**INPUT MATERIAL:**
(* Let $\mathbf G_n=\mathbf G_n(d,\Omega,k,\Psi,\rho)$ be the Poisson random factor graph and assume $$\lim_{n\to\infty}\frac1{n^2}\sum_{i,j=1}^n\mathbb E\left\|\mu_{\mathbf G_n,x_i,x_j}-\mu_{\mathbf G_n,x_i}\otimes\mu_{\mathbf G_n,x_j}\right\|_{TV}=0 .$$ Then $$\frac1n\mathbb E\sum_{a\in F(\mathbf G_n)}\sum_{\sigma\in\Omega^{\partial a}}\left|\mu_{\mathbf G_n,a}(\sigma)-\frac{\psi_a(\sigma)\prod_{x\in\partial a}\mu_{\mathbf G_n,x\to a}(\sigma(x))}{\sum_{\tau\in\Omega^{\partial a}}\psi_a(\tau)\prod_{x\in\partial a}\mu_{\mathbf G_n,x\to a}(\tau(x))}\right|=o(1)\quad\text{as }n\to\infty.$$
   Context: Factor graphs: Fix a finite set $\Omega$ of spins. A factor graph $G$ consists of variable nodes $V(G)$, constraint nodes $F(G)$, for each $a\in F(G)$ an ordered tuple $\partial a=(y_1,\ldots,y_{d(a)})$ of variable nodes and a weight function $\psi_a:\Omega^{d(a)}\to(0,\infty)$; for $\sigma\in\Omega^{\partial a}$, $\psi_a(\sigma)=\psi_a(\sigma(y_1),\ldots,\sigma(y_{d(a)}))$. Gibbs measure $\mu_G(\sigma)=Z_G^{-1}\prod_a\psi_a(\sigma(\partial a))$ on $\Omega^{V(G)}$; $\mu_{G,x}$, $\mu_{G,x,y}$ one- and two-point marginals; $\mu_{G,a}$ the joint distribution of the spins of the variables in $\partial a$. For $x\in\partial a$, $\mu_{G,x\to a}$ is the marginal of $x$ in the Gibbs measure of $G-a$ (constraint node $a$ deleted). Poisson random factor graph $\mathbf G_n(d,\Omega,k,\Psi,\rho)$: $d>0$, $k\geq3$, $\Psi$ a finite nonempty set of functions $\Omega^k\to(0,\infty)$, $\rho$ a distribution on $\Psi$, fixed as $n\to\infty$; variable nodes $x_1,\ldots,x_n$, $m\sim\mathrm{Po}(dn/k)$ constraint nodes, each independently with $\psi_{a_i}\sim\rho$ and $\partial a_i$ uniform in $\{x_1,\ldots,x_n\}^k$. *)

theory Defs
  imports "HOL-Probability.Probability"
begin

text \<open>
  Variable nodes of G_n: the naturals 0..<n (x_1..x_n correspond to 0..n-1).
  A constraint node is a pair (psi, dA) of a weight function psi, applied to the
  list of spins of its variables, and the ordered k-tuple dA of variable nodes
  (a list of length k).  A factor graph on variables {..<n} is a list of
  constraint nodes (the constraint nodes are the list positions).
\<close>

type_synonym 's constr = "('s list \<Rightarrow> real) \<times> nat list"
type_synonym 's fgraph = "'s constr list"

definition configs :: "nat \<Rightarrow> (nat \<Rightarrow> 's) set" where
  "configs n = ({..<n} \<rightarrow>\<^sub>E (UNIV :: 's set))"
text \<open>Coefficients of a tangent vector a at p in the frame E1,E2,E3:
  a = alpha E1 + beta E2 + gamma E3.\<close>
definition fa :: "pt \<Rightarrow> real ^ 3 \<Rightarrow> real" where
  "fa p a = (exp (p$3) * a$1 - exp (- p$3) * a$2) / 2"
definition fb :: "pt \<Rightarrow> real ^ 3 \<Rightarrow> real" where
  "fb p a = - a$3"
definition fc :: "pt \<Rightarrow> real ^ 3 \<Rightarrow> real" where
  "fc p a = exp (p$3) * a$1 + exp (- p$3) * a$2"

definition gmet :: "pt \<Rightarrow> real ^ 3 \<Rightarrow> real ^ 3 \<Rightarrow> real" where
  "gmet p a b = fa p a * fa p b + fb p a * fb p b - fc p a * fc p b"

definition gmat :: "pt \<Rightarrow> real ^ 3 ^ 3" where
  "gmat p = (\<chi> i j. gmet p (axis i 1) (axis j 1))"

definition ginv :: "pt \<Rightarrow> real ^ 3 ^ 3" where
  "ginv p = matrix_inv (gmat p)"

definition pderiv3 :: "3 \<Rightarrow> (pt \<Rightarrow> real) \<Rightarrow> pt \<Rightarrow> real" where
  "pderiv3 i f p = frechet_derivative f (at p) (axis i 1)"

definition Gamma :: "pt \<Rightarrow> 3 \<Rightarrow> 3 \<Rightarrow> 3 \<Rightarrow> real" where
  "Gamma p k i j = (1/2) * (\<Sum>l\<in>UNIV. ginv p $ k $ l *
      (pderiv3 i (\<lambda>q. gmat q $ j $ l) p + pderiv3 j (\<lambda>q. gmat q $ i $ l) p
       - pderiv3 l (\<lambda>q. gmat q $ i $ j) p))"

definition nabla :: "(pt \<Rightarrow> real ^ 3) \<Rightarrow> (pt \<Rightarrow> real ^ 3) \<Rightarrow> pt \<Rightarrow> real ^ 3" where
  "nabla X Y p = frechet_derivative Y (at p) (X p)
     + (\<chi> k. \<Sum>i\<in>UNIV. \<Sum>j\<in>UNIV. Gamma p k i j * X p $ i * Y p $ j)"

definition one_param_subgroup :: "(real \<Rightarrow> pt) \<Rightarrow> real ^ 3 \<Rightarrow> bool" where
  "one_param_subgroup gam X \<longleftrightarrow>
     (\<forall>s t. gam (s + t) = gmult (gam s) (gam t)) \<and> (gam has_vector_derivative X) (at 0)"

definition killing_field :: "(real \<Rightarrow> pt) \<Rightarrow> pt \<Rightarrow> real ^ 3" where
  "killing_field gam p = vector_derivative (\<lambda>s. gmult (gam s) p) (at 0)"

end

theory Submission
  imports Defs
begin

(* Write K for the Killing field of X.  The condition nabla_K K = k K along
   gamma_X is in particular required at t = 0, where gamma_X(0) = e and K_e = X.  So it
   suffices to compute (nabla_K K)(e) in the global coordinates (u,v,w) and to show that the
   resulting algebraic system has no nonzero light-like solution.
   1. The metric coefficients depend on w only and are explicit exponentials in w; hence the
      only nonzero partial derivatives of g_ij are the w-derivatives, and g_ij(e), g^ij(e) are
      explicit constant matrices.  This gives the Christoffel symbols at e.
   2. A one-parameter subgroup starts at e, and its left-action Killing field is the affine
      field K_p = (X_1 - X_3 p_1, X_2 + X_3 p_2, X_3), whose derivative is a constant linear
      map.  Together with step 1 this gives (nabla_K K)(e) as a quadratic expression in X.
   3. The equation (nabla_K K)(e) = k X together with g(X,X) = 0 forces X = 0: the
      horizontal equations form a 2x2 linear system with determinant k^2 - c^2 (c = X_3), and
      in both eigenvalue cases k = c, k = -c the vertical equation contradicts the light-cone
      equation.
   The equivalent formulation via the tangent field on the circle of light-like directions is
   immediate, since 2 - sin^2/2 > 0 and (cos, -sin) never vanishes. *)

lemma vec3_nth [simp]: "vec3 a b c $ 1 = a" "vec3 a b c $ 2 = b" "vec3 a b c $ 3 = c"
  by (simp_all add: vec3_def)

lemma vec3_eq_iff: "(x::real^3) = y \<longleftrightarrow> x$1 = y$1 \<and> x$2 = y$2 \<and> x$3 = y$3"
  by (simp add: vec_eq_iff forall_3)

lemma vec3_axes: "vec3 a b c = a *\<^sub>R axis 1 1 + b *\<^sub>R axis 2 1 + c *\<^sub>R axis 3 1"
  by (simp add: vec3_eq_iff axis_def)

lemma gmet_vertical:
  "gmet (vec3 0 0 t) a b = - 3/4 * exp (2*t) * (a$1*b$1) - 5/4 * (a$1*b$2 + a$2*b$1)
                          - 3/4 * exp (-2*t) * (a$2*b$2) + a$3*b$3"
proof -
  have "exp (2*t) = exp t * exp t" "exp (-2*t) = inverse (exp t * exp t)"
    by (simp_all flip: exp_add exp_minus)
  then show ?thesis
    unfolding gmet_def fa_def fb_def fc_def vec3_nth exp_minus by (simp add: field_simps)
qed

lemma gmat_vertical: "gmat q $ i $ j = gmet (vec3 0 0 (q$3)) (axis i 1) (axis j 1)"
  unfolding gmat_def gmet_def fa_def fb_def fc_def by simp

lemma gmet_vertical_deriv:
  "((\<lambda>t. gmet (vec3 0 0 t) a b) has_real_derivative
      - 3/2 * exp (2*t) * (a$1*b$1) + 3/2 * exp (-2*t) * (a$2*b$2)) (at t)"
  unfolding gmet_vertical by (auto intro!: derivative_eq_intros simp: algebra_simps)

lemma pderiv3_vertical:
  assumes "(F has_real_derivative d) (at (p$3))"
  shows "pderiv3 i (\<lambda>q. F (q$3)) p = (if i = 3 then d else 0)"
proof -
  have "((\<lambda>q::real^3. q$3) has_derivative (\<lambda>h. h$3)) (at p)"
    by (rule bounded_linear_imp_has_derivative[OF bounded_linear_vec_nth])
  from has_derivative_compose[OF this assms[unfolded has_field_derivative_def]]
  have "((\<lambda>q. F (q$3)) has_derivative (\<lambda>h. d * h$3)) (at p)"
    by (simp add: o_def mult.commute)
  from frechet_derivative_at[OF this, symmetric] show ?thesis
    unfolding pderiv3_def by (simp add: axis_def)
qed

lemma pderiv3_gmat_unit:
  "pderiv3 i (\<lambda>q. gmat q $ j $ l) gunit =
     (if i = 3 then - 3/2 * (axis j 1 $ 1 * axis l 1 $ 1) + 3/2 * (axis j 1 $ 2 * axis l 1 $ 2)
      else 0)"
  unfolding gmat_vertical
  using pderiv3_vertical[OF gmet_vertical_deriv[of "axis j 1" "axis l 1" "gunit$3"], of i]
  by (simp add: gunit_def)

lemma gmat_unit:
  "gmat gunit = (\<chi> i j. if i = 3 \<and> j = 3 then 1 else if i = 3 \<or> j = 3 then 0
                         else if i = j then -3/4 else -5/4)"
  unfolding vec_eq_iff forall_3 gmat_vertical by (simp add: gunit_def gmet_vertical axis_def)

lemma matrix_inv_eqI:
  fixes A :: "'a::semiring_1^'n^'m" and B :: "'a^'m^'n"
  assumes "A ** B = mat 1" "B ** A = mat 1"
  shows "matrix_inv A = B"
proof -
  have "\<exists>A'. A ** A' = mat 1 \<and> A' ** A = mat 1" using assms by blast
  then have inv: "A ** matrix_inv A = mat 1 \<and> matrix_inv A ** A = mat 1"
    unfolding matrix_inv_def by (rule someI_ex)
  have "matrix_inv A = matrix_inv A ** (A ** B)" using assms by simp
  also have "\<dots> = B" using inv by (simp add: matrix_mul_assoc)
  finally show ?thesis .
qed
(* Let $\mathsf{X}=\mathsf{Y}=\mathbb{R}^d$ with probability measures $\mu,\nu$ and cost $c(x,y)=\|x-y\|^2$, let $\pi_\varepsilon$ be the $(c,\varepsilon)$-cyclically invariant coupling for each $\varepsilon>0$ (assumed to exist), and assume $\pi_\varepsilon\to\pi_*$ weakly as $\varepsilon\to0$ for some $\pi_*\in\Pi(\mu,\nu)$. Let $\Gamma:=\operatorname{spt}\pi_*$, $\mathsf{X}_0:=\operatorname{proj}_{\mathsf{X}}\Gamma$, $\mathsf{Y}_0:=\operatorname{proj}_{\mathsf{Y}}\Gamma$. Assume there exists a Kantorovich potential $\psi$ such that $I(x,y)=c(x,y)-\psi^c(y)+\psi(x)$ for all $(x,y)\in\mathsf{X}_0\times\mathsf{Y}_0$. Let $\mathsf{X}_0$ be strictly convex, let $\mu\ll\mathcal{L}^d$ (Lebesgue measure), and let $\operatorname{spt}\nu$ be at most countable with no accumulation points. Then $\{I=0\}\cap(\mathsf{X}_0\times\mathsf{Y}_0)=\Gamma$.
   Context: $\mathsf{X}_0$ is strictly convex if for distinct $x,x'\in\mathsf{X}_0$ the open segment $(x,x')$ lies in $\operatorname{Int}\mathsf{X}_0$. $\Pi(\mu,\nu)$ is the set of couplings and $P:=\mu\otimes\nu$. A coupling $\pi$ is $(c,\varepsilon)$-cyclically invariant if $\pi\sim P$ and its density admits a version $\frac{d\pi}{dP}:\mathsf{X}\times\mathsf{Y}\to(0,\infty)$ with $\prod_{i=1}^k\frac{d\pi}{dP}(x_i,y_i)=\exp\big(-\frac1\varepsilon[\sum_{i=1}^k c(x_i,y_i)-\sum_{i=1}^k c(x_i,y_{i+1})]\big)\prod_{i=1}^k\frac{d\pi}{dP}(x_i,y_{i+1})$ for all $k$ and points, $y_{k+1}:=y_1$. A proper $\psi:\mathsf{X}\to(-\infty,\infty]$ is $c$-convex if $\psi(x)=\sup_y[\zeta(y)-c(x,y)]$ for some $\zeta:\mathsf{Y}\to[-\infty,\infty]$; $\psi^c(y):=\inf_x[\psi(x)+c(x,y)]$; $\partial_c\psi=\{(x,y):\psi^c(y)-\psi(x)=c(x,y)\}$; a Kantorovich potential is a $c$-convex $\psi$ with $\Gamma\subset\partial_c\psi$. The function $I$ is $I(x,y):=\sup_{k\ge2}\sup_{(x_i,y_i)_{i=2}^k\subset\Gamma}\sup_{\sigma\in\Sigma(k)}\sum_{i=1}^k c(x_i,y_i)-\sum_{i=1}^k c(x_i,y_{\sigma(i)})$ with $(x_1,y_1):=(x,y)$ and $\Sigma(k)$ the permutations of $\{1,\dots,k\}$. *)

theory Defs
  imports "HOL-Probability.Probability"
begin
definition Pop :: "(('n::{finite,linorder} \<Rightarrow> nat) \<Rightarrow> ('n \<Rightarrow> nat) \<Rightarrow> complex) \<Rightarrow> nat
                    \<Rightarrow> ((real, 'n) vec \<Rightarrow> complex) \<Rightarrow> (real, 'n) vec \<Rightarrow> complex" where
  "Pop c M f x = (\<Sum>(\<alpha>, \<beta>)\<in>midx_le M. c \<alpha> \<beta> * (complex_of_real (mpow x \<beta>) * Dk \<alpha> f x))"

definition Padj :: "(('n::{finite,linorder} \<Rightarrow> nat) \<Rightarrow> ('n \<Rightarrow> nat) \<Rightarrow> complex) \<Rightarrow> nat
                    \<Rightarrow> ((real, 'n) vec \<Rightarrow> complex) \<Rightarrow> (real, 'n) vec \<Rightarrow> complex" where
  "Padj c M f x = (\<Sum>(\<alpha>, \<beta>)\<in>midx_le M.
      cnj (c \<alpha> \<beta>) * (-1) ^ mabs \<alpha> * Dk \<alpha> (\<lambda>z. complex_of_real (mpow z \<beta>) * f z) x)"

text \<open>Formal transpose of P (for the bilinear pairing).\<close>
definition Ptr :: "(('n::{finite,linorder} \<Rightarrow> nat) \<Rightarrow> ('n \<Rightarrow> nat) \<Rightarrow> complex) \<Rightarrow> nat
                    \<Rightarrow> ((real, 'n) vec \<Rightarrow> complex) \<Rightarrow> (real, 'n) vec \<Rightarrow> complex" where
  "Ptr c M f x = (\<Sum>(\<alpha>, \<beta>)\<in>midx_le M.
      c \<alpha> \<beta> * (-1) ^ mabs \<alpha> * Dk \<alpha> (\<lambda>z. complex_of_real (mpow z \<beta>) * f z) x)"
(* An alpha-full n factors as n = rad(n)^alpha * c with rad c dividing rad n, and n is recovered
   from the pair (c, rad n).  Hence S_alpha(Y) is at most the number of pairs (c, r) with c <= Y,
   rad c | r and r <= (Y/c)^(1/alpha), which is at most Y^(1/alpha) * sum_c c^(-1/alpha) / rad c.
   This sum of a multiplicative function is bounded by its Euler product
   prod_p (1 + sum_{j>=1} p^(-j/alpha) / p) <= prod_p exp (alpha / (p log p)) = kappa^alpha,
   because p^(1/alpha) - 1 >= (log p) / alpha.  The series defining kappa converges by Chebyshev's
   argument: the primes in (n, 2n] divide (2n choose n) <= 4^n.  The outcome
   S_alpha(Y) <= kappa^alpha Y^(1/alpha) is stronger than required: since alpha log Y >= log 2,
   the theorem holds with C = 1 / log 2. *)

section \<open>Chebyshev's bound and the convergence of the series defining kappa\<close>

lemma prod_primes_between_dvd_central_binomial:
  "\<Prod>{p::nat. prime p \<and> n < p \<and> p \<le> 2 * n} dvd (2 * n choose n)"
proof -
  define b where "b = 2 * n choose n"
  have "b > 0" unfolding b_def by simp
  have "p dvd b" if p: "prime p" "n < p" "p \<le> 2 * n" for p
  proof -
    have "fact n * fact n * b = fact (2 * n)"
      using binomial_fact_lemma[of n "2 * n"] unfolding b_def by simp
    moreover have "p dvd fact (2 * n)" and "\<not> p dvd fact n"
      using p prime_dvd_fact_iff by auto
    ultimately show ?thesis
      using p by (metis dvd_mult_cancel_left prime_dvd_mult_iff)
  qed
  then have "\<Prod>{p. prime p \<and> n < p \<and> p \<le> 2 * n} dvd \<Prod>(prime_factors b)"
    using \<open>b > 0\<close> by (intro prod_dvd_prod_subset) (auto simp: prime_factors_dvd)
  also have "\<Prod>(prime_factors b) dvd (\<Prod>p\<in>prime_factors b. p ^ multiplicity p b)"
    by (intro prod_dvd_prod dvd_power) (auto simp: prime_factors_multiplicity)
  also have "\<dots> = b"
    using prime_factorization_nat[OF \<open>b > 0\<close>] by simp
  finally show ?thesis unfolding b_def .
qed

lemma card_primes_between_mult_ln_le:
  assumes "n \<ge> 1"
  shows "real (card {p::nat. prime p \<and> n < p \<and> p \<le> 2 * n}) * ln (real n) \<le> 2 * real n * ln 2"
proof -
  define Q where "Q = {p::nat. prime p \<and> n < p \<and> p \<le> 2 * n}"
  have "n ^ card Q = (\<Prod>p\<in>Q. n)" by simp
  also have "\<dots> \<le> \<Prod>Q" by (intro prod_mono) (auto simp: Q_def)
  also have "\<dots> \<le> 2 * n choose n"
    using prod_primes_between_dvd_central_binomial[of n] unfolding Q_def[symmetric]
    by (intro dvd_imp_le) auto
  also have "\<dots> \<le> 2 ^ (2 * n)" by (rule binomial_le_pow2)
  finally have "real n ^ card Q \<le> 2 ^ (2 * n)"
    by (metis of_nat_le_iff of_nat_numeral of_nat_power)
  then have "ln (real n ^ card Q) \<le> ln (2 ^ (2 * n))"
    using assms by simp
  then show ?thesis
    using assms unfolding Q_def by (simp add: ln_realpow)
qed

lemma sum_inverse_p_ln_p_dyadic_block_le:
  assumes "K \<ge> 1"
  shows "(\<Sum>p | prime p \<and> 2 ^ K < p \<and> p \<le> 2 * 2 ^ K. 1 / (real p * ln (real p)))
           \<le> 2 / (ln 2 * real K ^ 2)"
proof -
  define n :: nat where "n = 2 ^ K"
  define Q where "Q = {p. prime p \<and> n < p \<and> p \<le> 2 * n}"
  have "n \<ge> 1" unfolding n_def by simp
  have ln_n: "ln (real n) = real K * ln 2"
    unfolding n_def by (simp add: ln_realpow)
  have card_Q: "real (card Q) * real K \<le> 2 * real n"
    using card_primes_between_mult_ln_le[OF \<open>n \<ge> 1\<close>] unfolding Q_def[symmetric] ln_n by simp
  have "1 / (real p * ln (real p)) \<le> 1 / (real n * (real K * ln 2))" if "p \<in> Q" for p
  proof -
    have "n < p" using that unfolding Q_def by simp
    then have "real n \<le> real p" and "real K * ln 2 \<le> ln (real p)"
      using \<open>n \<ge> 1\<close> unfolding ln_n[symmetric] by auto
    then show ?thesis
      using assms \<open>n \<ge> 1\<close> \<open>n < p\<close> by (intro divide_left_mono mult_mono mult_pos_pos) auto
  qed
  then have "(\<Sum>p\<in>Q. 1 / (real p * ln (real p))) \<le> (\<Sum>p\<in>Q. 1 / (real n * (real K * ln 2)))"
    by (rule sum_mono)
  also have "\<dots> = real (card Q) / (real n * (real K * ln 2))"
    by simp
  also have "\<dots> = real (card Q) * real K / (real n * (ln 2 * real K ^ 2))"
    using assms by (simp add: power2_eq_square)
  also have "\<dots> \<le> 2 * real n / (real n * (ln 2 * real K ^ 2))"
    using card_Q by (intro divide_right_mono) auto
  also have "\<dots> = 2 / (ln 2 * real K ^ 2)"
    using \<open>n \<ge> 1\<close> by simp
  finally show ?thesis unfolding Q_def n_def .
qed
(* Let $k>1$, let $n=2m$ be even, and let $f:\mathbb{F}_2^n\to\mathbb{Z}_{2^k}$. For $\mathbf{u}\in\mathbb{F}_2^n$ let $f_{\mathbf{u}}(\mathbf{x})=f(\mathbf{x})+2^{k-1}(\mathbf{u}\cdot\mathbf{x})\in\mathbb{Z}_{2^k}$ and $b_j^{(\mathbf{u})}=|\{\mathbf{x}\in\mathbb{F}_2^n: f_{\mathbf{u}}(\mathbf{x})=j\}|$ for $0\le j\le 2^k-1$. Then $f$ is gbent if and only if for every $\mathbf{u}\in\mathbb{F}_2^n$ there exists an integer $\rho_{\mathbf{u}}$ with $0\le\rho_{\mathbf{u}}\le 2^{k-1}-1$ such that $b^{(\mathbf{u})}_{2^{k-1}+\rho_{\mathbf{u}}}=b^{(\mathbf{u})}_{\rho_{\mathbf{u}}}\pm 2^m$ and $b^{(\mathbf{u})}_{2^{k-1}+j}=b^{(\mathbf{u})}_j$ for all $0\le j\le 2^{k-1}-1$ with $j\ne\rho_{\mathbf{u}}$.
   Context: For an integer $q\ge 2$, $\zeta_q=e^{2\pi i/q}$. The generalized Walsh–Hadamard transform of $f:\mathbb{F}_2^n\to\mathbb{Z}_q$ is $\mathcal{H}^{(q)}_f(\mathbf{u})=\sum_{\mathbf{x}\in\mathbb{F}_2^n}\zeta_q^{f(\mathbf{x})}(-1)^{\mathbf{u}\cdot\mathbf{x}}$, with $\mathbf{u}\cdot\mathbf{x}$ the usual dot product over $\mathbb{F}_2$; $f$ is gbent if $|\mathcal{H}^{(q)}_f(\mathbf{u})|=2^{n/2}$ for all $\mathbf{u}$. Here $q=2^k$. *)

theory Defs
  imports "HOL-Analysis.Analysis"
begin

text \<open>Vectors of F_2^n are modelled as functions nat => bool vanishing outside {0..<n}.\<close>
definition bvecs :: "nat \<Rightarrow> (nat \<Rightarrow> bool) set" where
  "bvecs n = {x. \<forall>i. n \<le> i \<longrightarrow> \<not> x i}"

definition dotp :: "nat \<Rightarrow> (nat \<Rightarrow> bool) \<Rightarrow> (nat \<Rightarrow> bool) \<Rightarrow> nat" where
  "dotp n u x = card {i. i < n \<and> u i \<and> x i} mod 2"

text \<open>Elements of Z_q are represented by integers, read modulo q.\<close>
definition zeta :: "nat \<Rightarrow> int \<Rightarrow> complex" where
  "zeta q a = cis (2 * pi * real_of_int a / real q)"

**PROBLEM DESCRIPTION:** Working through the entries line by line, count those containing "gives" and report only the number.

**SOLUTION TO THIS PROBLEM:** 2